In Japan, it seems exports are falling off the edge of a cliff. News that Toyota is now forecasting its first annual loss since the 1930s sums up the whole thing pretty well.
The real danger, however, is that the world retreats behind protectionism. That will surely be the single biggest threat in 2009.
According to this morning’s FT, the Chinese government is making tackling unemployment its number one priority.
Apparently 10 million migrant workers have lost their jobs, and almost half of that number have returned home.
Meanwhile, it is thought 1.5 million Chinese graduates are looking for work, and their number could swell next year as the next batch of graduates finish their degrees.
China’s problem is that it needs to grow, and it needs to grow rapidly just to stave off unemployment. That may seem bizarre, but as productivity rises, economic growth must rise too. The sum is simple. Say labour becomes 10 per cent more productive. Then output must grow by 10 per cent too, just for the jobs stats to stay still. Economists are now predicting growth in China will slow, perhaps to as low as 6 per cent. That is China’s challenge.
Mind you, despite the problems at China and the other BRIC nations, the ITEM Club from Ernst and Young reckons China is now just ten years away from being the world’s richest nation. The credit crunch has hit the US so hard that it now is forecasting the time when China’s GDP at purchasing power parity will be greater than the US, and this is coming eleven years sooner than it previously estimated.
Meanwhile, in Japan, exports fell by the equivalent of 27 per cent a year in November. Exports to Asia saw their biggest fall since 1986.
The Japanese trade account has now been in deficit for two months in a row.
As for the car maker in front, well, even Toyota is wilting. It has now forecast its first annual loss since the year of the company’s formation, 71 years ago.
The soaring yen, and falling global demand, means the company now expects to sell 4 per cent fewer vehicles than it previously said.
Japan has been in the dog-mire now for getting on for two decades.
In a way, the Japanese crisis which began at the end of the 1980s has affected us more than is commonly realized.
If the real underlying problem behind the credit crisis has been global imbalances, then the Japanese lost decade or two were an important part of that mix. The world’s second largest economy was selling to the rest of the world, but not buying. It was the same, too, with the world’s third largest economy, Germany.
Now the world needs Japanese consumers to start spending. But they haven’t done this for twenty years, so who is to say they will start now?
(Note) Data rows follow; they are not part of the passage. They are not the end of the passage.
lemma qbinom_mult_qpoch:
  "k \<le> n \<Longrightarrow> qbinom q n k * qpoch q q k * qpoch q q (n - k) = qpoch q q n"
proof (induction n arbitrary: k)
  case 0
  then show ?case by simp
next
  case (Suc n)
  show ?case
  proof (cases k)
    case 0
    then show ?thesis by simp
  next
    case (Suc j)
    with Suc.prems have "j \<le> n" by simp
    have first: "qbinom q n j * qpoch q q (Suc j) * qpoch q q (n - j) = qpoch q q n * (1 - q ^ Suc j)"
      using Suc.IH[OF \<open>j \<le> n\<close>] by (simp add: qpoch_self_Suc mult_ac del: power_Suc)
    have second: "q ^ Suc j * qbinom q n (Suc j) * qpoch q q (Suc j) * qpoch q q (n - j)
        = qpoch q q n * (q ^ Suc j - q ^ Suc n)"
    proof (cases "j = n")
      case True
      then show ?thesis by (simp add: qbinom_eq_0)
    next
      case False
      with \<open>j \<le> n\<close> have "Suc j \<le> n" and n_j: "n - j = Suc (n - Suc j)" by auto
      have "qpoch q q (n - j) = qpoch q q (n - Suc j) * (1 - q ^ (n - j))"
        by (simp only: n_j qpoch_self_Suc)
      then have "q ^ Suc j * qbinom q n (Suc j) * qpoch q q (Suc j) * qpoch q q (n - j)
          = q ^ Suc j * (1 - q ^ (n - j)) * (qbinom q n (Suc j) * qpoch q q (Suc j) * qpoch q q (n - Suc j))"
        by (simp add: mult_ac)
      also have "\<dots> = (q ^ Suc j - q ^ Suc n) * qpoch q q n"
        using Suc.IH[OF \<open>Suc j \<le> n\<close>] \<open>j \<le> n\<close>
        by (simp add: right_diff_distrib flip: power_add del: power_Suc)
      finally show ?thesis
        by (simp add: mult.commute)
    qed
    have "qbinom q (Suc n) k * qpoch q q k * qpoch q q (Suc n - k)
        = qbinom q n j * qpoch q q (Suc j) * qpoch q q (n - j)
          + q ^ Suc j * qbinom q n (Suc j) * qpoch q q (Suc j) * qpoch q q (n - j)"
      by (simp add: Suc algebra_simps del: power_Suc)
    also have "\<dots> = qpoch q q n * (1 - q ^ Suc j) + qpoch q q n * (q ^ Suc j - q ^ Suc n)"
      by (simp only: first second)
    also have "\<dots> = qpoch q q (Suc n)"
      by (simp add: qpoch_self_Suc algebra_simps del: power_Suc)
    finally show ?thesis .
  qed
qed
(* Let $G$ be a graph. The following are equivalent: (a1) $M_1(G)$ is a non-trivial matroid and $G$ is a connected cacti-graph; (a2) $M_1(G)$ is a connected matroid.
   Context: Graphs are finite, may have loops and parallel edges, and have no isolated vertices. A leaf is a vertex incident to exactly one edge, which is not a loop. A cacti-graph is a graph with no isolated vertices, no leaves, and no component that is a cycle. For $X\subseteq E(G)$, $G\langle X\rangle$ is the subgraph with edge set $X$ and vertex set the vertices incident to $X$. $M_1(G)$ is the matroid on $E(G)$ whose circuits are the inclusion-minimal members of $\{C\subseteq E(G):C\neq\emptyset,\ |C|=|V(G\langle C\rangle)|+1\}$. A matroid is non-trivial if it has at least one circuit and at least one cocircuit; it is connected if its ground set has at least two elements and every two elements lie in a common circuit. *)

theory Defs
  imports Main
begin

text \<open>A (multi)graph is given by a finite edge set E and an endpoint map ends:
  each edge has one endpoint (a loop) or two endpoints.  Since graphs have no
  isolated vertices, the vertex set is the set of all endpoints.\<close>

definition graph :: "'e set \<Rightarrow> ('e \<Rightarrow> 'v set) \<Rightarrow> bool" where
  "graph E ends \<longleftrightarrow> finite E \<and> (\<forall>e\<in>E. card (ends e) = 1 \<or> card (ends e) = 2)"

definition verts :: "'e set \<Rightarrow> ('e \<Rightarrow> 'v set) \<Rightarrow> 'v set" where
  "verts E ends = \<Union> (ends ` E)"

definition is_loop :: "('e \<Rightarrow> 'v set) \<Rightarrow> 'e \<Rightarrow> bool" where
  "is_loop ends e \<longleftrightarrow> card (ends e) = 1"

definition incident_edges :: "'e set \<Rightarrow> ('e \<Rightarrow> 'v set) \<Rightarrow> 'v \<Rightarrow> 'e set" where
  "incident_edges E ends v = {e\<in>E. v \<in> ends e}"

definition degree :: "'e set \<Rightarrow> ('e \<Rightarrow> 'v set) \<Rightarrow> 'v \<Rightarrow> nat" where
  "degree E ends v = (\<Sum>e\<in>incident_edges E ends v. if is_loop ends e then 2 else 1)"

definition is_leaf :: "'e set \<Rightarrow> ('e \<Rightarrow> 'v set) \<Rightarrow> 'v \<Rightarrow> bool" where
  "is_leaf E ends v \<longleftrightarrow> v \<in> verts E ends \<and>
     (\<exists>e. incident_edges E ends v = {e} \<and> \<not> is_loop ends e)"

definition adj :: "'e set \<Rightarrow> ('e \<Rightarrow> 'v set) \<Rightarrow> ('v \<times> 'v) set" where
  "adj E ends = {(u, w). \<exists>e\<in>E. u \<in> ends e \<and> w \<in> ends e}"

definition reach :: "'e set \<Rightarrow> ('e \<Rightarrow> 'v set) \<Rightarrow> 'v \<Rightarrow> 'v \<Rightarrow> bool" where
  "reach E ends u w \<longleftrightarrow> (u, w) \<in> (adj E ends)\<^sup>*"

definition graph_connected :: "'e set \<Rightarrow> ('e \<Rightarrow> 'v set) \<Rightarrow> bool" where
  "graph_connected E ends \<longleftrightarrow> verts E ends \<noteq> {} \<and>
     (\<forall>u\<in>verts E ends. \<forall>w\<in>verts E ends. reach E ends u w)"

definition component_edges :: "'e set \<Rightarrow> ('e \<Rightarrow> 'v set) \<Rightarrow> 'v \<Rightarrow> 'e set" where
  "component_edges E ends v = {e\<in>E. \<exists>u\<in>ends e. reach E ends v u}"

text \<open>A cycle: a connected graph in which every vertex has degree 2
  (includes a single loop and a pair of parallel edges).\<close>
definition is_cycle_graph :: "'e set \<Rightarrow> ('e \<Rightarrow> 'v set) \<Rightarrow> bool" where
  "is_cycle_graph E ends \<longleftrightarrow> graph_connected E ends \<and>
     (\<forall>v\<in>verts E ends. degree E ends v = 2)"

definition cacti_graph :: "'e set \<Rightarrow> ('e \<Rightarrow> 'v set) \<Rightarrow> bool" where
  "cacti_graph E ends \<longleftrightarrow>
     (\<forall>v\<in>verts E ends. \<not> is_leaf E ends v) \<and>
     (\<forall>v\<in>verts E ends. \<not> is_cycle_graph (component_edges E ends v) ends)"

text \<open>Circuits of M_1(G): inclusion-minimal nonempty C \<subseteq> E with |C| = |V(G<C>)| + 1.
  Here V(G<C>) = verts C ends.\<close>
definition M1_circuit :: "'e set \<Rightarrow> ('e \<Rightarrow> 'v set) \<Rightarrow> 'e set \<Rightarrow> bool" where
  "M1_circuit E ends C \<longleftrightarrow>
     (let P = (\<lambda>D. D \<subseteq> E \<and> D \<noteq> {} \<and> card D = card (verts D ends) + 1)
      in P C \<and> (\<forall>D. P D \<and> D \<subseteq> C \<longrightarrow> D = C))"

definition mat_indep :: "'e set \<Rightarrow> ('e set \<Rightarrow> bool) \<Rightarrow> 'e set \<Rightarrow> bool" where
  "mat_indep E circ X \<longleftrightarrow> X \<subseteq> E \<and> (\<forall>C. circ C \<longrightarrow> \<not> C \<subseteq> X)"

definition mat_basis :: "'e set \<Rightarrow> ('e set \<Rightarrow> bool) \<Rightarrow> 'e set \<Rightarrow> bool" where
  "mat_basis E circ B \<longleftrightarrow> mat_indep E circ B \<and>
     (\<forall>X. mat_indep E circ X \<and> B \<subseteq> X \<longrightarrow> X = B)"

definition mat_cocircuit :: "'e set \<Rightarrow> ('e set \<Rightarrow> bool) \<Rightarrow> 'e set \<Rightarrow> bool" where
  "mat_cocircuit E circ D \<longleftrightarrow>
     (let P = (\<lambda>D. D \<subseteq> E \<and> D \<noteq> {} \<and> (\<forall>B. mat_basis E circ B \<longrightarrow> D \<inter> B \<noteq> {}))
      in P D \<and> (\<forall>D'. P D' \<and> D' \<subseteq> D \<longrightarrow> D' = D))"

definition mat_nontrivial :: "'e set \<Rightarrow> ('e set \<Rightarrow> bool) \<Rightarrow> bool" where
  "mat_nontrivial E circ \<longleftrightarrow> (\<exists>C. circ C) \<and> (\<exists>D. mat_cocircuit E circ D)"

definition mat_connected :: "'e set \<Rightarrow> ('e set \<Rightarrow> bool) \<Rightarrow> bool" where
  "mat_connected E circ \<longleftrightarrow> card E \<ge> 2 \<and>
     (\<forall>x\<in>E. \<forall>y\<in>E. \<exists>C. circ C \<and> x \<in> C \<and> y \<in> C)"

end

theory Submission
  imports Defs
begin

text \<open>A set \<open>X\<close> is independent in \<open>M\<^sub>1(G)\<close> iff \<open>|Y| \<le> |V(Y)|\<close> for all \<open>Y \<subseteq> X\<close>;
  submodularity of \<open>|V(\<cdot>)|\<close> yields circuit elimination, so sharing a circuit is an
  equivalence relation on \<open>E\<close>.

  (a2) \<open>\<Longrightarrow>\<close> (a1): a circuit cannot cross a union of components, nor contain a pendant
  edge (removing it would lose a vertex), and if all degrees are at most 2 a double count
  shows that every edge set is independent.

  (a1) \<open>\<Longrightarrow>\<close> (a2): suppose a class \<open>A\<close> of the equivalence is proper, and let \<open>B = E - A\<close>
  and \<open>\<partial>A = V(A) \<inter> V(B)\<close>.  For a basis \<open>X\<close> of \<open>A\<close> with greatest tight part \<open>T\<close>
  (\<open>|T| = |V(T)|\<close>), every edge of \<open>A - X\<close> lies on \<open>V(T)\<close>, so counting the ends of the
  edges of \<open>X - T\<close> at the vertices of \<open>V(A) - V(T)\<close>, which have degree \<open>\<ge> 2\<close> in \<open>A\<close>
  off \<open>\<partial>A\<close> because \<open>G\<close> has no leaves, gives \<open>2|V(A)| \<le> |\<partial>A| + 2|X|\<close>, with equality
  only if \<open>A - (X - T)\<close> is a union of components.  Since circuits do not cross
  between \<open>A\<close> and \<open>B\<close>, bases \<open>X\<^sub>A\<close>, \<open>X\<^sub>B\<close> combine to an independent set, so
  \<open>|X\<^sub>A| + |X\<^sub>B| \<le> |V(A)| + |V(B)| - |\<partial>A|\<close>; hence equality holds on both sides and, \<open>G\<close>
  being connected, \<open>E = X\<^sub>A \<union> X\<^sub>B\<close> is independent, contradicting the existence of a circuit.\<close>

lemma verts_mono: "X \<subseteq> Y \<Longrightarrow> verts X ends \<subseteq> verts Y ends"
  unfolding verts_def by auto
What the global economy requires is a global fiscal and monetary push. It especially needs to see this in the world’s big trade surplus countries. The danger is that the push is coming from the countries already in deficit. Or in other words, it is back to front.
There is real danger lurking, though, and if this is realized, things could get a whole lot worse.
The spectra of protectionism is lurking. What the world now needs is to see readjustment, as exporters start importing more.
Instead, we see the call for protectionism grow. From the US, where the cheap value of the yuan is held up as the cause of all ills, and moves to save its indigenous car industry; to France, as it tries to hide behind its new Maginot business line; and to China, as it attempts to shore up the job market.
What the global economy needs now, more than anything else, is a new, and this time successful, round of trade talks. This has to be the big priority for 2009.